[Start of Attachment]
(* Assume (A1)–(A4) from the context. Let $T\ge 1$, and let the step sizes $\alpha,\beta>0$ satisfy $$0<\alpha(\rho+L)+4\alpha^2L^2\le \tfrac12 \qquad\text{and}\qquad 192(6+\delta)\beta^2K^2L^2\le 1,\qquad \text{where } \delta=\frac{1}{(1-\alpha\rho)^2}.$$ Then the iterates $z^0,\dots,z^{T-1}$ generated by FedCanon satisfy $$\frac{1}{T}\sum_{t=0}^{T-1}\mathbb{E}\Vert G^{\alpha}(z^{t})\Vert^2\le \frac{8\left[\phi(z^0)-\phi^*+\alpha\mathcal{E}^0\right]}{\alpha T}+\frac{50\sigma^2}{BK}+\frac{\sigma^2}{8B}+B_h .$$
   Context: Let $N,d,K,B$ be positive integers and $[N]=\{1,\dots,N\}$. For each client $i\in[N]$ let $f_i(x)=\mathbb{E}_{\xi\sim\mathcal{D}_i}[F_i(x;\xi)]$. Let $f=\frac1N\sum_{i=1}^N f_i$, let $h:\mathbb{R}^d\to\mathbb{R}\cup\{+\infty\}$, and let $\phi=f+h$. No similarity between the distributions $\mathcal{D}_i$ is assumed. Standing assumptions: (A1) $\phi^*:=\inf_z\phi(z)>-\infty$. (A2) There is $L>0$ such that for every $i$ and all $x,y$: $f_i(x)-f_i(y)-\langle\nabla f_i(y),x-y\rangle\le \frac L2\Vert x-y\Vert^2$ and $\Vert\nabla f_i(x)-\nabla f_i(y)\Vert\le L\Vert x-y\Vert$. (A3) $h$ is proper, closed and $\rho$-weakly convex for some $\rho\ge0$, i.e. $h(z)+\frac{\rho}{2}\Vert z\Vert^2$ is convex; it need not be smooth. There is a constant $B_h$ such that $\Vert h'(z)\Vert^2\le B_h$ for every $z$ and every subgradient $h'(z)\in\partial h(z)$. (A4) Whenever client $i$ evaluates a stochastic gradient $g_i(x)$, it draws $B$ fresh samples $\xi_{i,1},\dots,\xi_{i,B}\sim\mathcal{D}_i$, independent of everything drawn before, and sets $g_i(x)=\frac1B\sum_{b=1}^B\nabla F_i(x;\xi_{i,b})$. Conditionally on the past, $\mathbb{E}[g_i(x)]=\nabla f_i(x)$ and $\mathbb{E}\Vert g_i(x)-\nabla f_i(x)\Vert^2\le\sigma^2/B$. Proximal operator: $\mathbf{prox}_{\alpha h}\{y\}=\arg\min_x\{h(x)+\frac{1}{2\alpha}\Vert x-y\Vert^2\}$. Algorithm FedCanon. The inputs are step sizes $\alpha,\beta>0$, an initial point $z^0\in\mathbb{R}^d$, and control variables $c_i^0\in\mathbb{R}^d$ with $\sum_{i}c_i^0=\mathbf{0}_d$. For $t=0,1,\dots$: - every client $i$ sets $\hat x_i^{t,0}=z^t$; - for $k=0,\dots,K-1$ it updates $\hat x_i^{t,k+1}=\hat x_i^{t,k}-\beta[g_i(\hat x_i^{t,k})+c_i^t]$; - it forms $\Delta_i^{t+1}=\frac{1}{\beta K}(z^t-\hat x_i^{t,K})$; - the server computes $\bar\Delta^{t+1}=\frac1N\sum_i\Delta_i^{t+1}$ and $z^{t+1}=\mathbf{prox}_{\alpha h}\{z^t-\alpha\bar\Delta^{t+1}\}$; - every client updates $c_i^{t+1}=c_i^t+\bar\Delta^{t+1}-\Delta_i^{t+1}$. (The variant FedCanon II, in which every client applies the prox step locally starting from a common initialization, generates the same sequence.) Notation: - $G^{\alpha}(z,u)=\frac1\alpha\left(z-\mathbf{prox}_{\alpha h}\{z-\alpha u\}\right)$, and the proximal gradient is $G^\alpha(z)=G^\alpha(z,\nabla f(z))$. - $v_i^t=\frac1K\sum_{k=0}^{K-1}g_i(\hat x_i^{t,k})$ and $\bar v^t=\frac1N\sum_i v_i^t$. - $\mathcal{E}^t=\frac1N\sum_{i=1}^N\mathbb{E}\Vert\nabla f_i(z^t)+c_i^t-\nabla f(z^t)\Vert^2$. For $t\ge1$ this equals $\frac1N\sum_i\mathbb{E}\Vert\nabla f_i(\hat x_i^{t,0})-v_i^{t-1}-\nabla f(z^t)+\bar v^{t-1}\Vert^2$, since $c_i^t=\bar v^{t-1}-v_i^{t-1}$. - $\mathbb{E}$ denotes expectation over all sampling. *)

theory Defs
  imports "HOL-Probability.Probability"
begin
lemma greedy_truthful_allocation_no_worse:
  assumes fin: "finite U" and inj: "inj_on rk (Pow U)" and "i < n"
    and "\<forall>j<n. snd (b j) \<subseteq> Pow U" and "snd d \<subseteq> Pow U" and "snd t \<subseteq> Pow U"
    and lie: "greedy_scan (sorted_bids rk n (b(i := d))) Map.empty i = Some S"
    and S': "S' \<in> snd t" "S' \<subseteq> S" and true_value: "fst d S \<le> fst t S'"
  shows "\<exists>T\<in>snd t. greedy_scan (sorted_bids rk n (b(i := t))) Map.empty i = Some T \<and> fst t S' \<le> fst t T"
proof -
  define K1 where "K1 = bid_key rk (b(i := d))"
  define K2 where "K2 = bid_key rk (b(i := t))"
  have within1: "\<forall>j<n. snd ((b(i := d)) j) \<subseteq> Pow U" and within2: "\<forall>j<n. snd ((b(i := t)) j) \<subseteq> Pow U"
    using assms by auto
  note set2 = set_sorted_bids[where b = "b(i := t)", OF fin inj within2]
  note sorted1 = sorted_wrt_sorted_bids[where b = "b(i := d)", OF fin inj within1, folded K1_def]
  note sorted2 = sorted_wrt_sorted_bids[where b = "b(i := t)", OF fin inj within2, folded K2_def]
  obtain pre post where L1: "sorted_bids rk n (b(i := d)) = pre @ (i, S) # post"
    and unalloc: "greedy_scan pre Map.empty i = None"
    and disjoint: "\<forall>j T. greedy_scan pre Map.empty j = Some T \<longrightarrow> S \<inter> T = {}"
    using greedy_scan_acceptedE[OF lie] by auto
  have "(i, S) \<in> bids n (b(i := d))"
    by (rule greedy_allocated_bid[OF fin inj within1 lie])
  then have "(i, S') \<in> bids n (b(i := t))"
    using assms by (auto simp: bids_def)
  then obtain pre' post' where L2: "sorted_bids rk n (b(i := t)) = pre' @ (i, S') # post'"
    using set2 by (metis split_list)
  show ?thesis
  proof (cases "greedy_scan pre' Map.empty i")
    case (Some T)
    then have "(i, T) \<in> set pre'"
      using greedy_scan_SomeD by fastforce
    then have "(i, T) \<in> bids n (b(i := t))" and "K2 (i, T) < K2 (i, S')"
      using set2 sorted2 L2 by (auto simp: sorted_wrt_append)
    then have "T \<in> snd t" and "K2 (i, T) < K2 (i, S')"
      by (simp_all add: bids_def)
    then have "fst t S' \<le> fst t T"
      by (auto simp: K2_def bid_key_def less_prod_def)
    moreover have "greedy_scan (sorted_bids rk n (b(i := t))) Map.empty i = Some T"
      using Some by (simp add: L2 greedy_scan_append greedy_scan_keeps)
    ultimately show ?thesis
      using \<open>T \<in> snd t\<close> by blast
  next
    case None
    have others: "filter (\<lambda>q. fst q \<noteq> i) (pre' @ (i, S') # post') = filter (\<lambda>q. fst q \<noteq> i) (pre @ (i, S) # post)"
      using filter_sorted_bids_others[where b = "b(i := d)" and b' = "b(i := t)" and i = i, OF fin inj within1 within2]
      by (simp add: L1 L2 del: filter.simps)
    have keys: "K1 q < K1 (i, S)" if "fst q \<noteq> i" and "K2 q < K2 (i, S')" for q
      using that true_value by (auto simp: K1_def K2_def bid_key_def less_prod_def)
    have "S' \<inter> T = {}" if "greedy_scan pre' Map.empty j = Some T" for j T
      using greedy_scan_before_mono[OF sorted1[unfolded L1] sorted2[unfolded L2] others keys unalloc None that]
        disjoint S'(2) by blast
    then have "greedy_scan (sorted_bids rk n (b(i := t))) Map.empty i = Some S'"
      unfolding L2 using None by (blast intro: greedy_scan_accepts)
    then show ?thesis
      using S'(1) by blast
  qed
qed
(* Let $R$ be a pro-ring (object of $\operatorname{Pro}(\mathbf{Rng})$), let $K$ be a unital commutative ring (viewed as a constant pro-set), and suppose the unital commutative ring object $K$ acts on the ring object $R$ in $\operatorname{Pro}(\mathbf{Set})$, i.e. there is a morphism $K\times R\to R$, $(k,a)\mapsto ka$, in $\operatorname{Pro}(\mathbf{Set})$ which is biadditive and satisfies $(kk')a=k(k'a)$, $1a=a$, $k(ab)=(ka)b=a(kb)$ as equalities of morphisms in $\operatorname{Pro}(\mathbf{Set})$. Then $R$ is isomorphic in $\operatorname{Pro}(\mathbf{Rng})$ to a pro-$K$-algebra, i.e. a formal projective limit of an inverse system of (non-unital) $K$-algebras with $K$-linear transition maps, compatibly with the given action.
   Context: For a category $\mathcal C$, $\operatorname{Pro}(\mathcal C)$ is its pro-completion: objects are inverse systems, i.e. functors $X\colon \mathcal I_X^{op}\to\mathcal C$ with $\mathcal I_X$ a small filtered category, and $\operatorname{Hom}_{\operatorname{Pro}(\mathcal C)}(X,Y)=\varprojlim_{j\in\mathcal I_Y}\varinjlim_{i\in\mathcal I_X}\mathcal C(X_i,Y_j)$. $\mathbf{Rng}$ denotes non-unital associative rings; the canonical functor $\operatorname{Pro}(\mathbf{Rng})\to\mathrm{Rng}(\operatorname{Pro}(\mathbf{Set}))$ uses levelwise operations. *)

theory Defs
  imports Main
begin

record ('o, 'm) cat =
  Ob  :: "'o set"
  Ar  :: "'m set"
  Dom :: "'m \<Rightarrow> 'o"
  Cod :: "'m \<Rightarrow> 'o"
  Cmp :: "'m \<Rightarrow> 'm \<Rightarrow> 'm"   (* Cmp C g f = g o f *)
  Idn :: "'o \<Rightarrow> 'm"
[End of Attachment]
● Action item:
Where a line contains the word "subseteq", copy that line from the listing above.

● Written answer:
    and "\<forall>j<n. snd (b j) \<subseteq> Pow U" and "snd d \<subseteq> Pow U" and "snd t \<subseteq> Pow U"
    and S': "S' \<in> snd t" "S' \<subseteq> S" and true_value: "fst d S \<le> fst t S'"
  have within1: "\<forall>j<n. snd ((b(i := d)) j) \<subseteq> Pow U" and within2: "\<forall>j<n. snd ((b(i := t)) j) \<subseteq> Pow U"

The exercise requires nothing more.